Toy Chest (Online or Downloadable Tools for Building Projects) on the UCSB English Department Knowledge Base wiki — Alan Liu asked me to update this page in preparation for his Literature+ class this quarter, so I did. (I took his class last year; here’s my team’s project.)
Social Computing in 2020: Bluesky Innovation Competition, organized by the UCSB Social Computing Group — I helped make this page, which is about a contest for undergraduate and graduate students from all disciplines (deadline January 30, 2009). I’m part of the graduate-student division of the group, which means I go to meetings and talk about nerdy things with nice smart people. I like it.

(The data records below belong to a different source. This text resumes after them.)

text \<open>
  Put K(a) = sum_j theta_j H_j(a) and
  G_a(u) = h_a(u) - u K(a).  Whenever all summands of the objective
  I(p) - sum_j theta_j <p,H_j> are finite ("p is regular"), the objective equals the
  real sum of G_a(p_a) over A (regular_objective), and a distribution with finite
  objective is automatically regular (regular_if_finite).

  Sufficiency (gibbs_imp_vp): if f_a(p*_a) = -alpha - K(a), the tangent inequality for
  the concave h_a at p*_a gives G_a(u) - alpha u <= G_a(p*_a) - alpha p*_a for all u in
  [0,1].  Summing over A settles regular competitors; every other well-defined
  competitor either has objective minus infinity or is shown regular by domination.

  Necessity (vp_imp_gibbs): comparing p* with the distributions obtained by moving mass
  t from b to a shows that t |-> G_a(p*_a + t) + G_b(p*_b - t) is maximal at t = 0.
  Since f_a tends to minus infinity at 0, h_a has infinite slope at 0, which forces
  p*_a > 0 (vp_pos); then Fermat's rule equates f_a(p*_a) + K(a) over all a.
\<close>

subsection \<open>Infinite sums\<close>

lemma enn2ereal_infsum_of_summable:
  fixes g :: "'a \<Rightarrow> real"
  assumes "g summable_on A" and "\<And>x. x \<in> A \<Longrightarrow> 0 \<le> g x"
  shows "enn2ereal (\<Sum>\<^sub>\<infinity>x\<in>A. ennreal (g x)) = ereal (\<Sum>\<^sub>\<infinity>x\<in>A. g x)"
proof -
  have "\<And>F. finite F \<Longrightarrow> F \<subseteq> A \<Longrightarrow> sum (ennreal \<circ> g) F = ennreal (sum g F)"
    by (metis (mono_tags, lifting) comp_def assms(2) subsetD sum.cong sum_ennreal)
  then have "infsum (ennreal \<circ> g) A = ennreal (infsum g A)"
    by (simp add: infsum_comm_additive_general assms(1))
  then have sum_eq: "(\<Sum>\<^sub>\<infinity>x\<in>A. ennreal (g x)) = ennreal (infsum g A)"
    by (simp only: comp_def)
  have "0 \<le> infsum g A" using assms(2) by (rule infsum_nonneg)
  then show ?thesis unfolding sum_eq by (rule enn2ereal_ennreal)
qed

Sky notes ➴➶➳ — a Tumblr blog where I post half-baked thoughts and links related to reading interfaces (including stuff about annotation, teaching literature, etc). Some of the items: blogs I’m reading, semi-organized thoughts, and a long list.
Into the Teeth of the Wind is my college’s poetry journal (which accepts submissions from non-students, including you) — I’ve helped select poems for publication for the past few years, but I finally redesigned the website last year and also got to design our 2008 issue. That was labor-intensive but I liked it: the first industrially-printed small book I’ve laid out from cover to cover. You can buy a copy for the low price of $5.50.
Also: more than 1800 replies on the Delicious support forum, an essay titled “Analysis of Discussions of Women’s Prominence in the Blogosphere”, another one titled “Typography and Class”, and notes toward an essay about Orientalism in The Adventures of Prince Achmed. Aieee.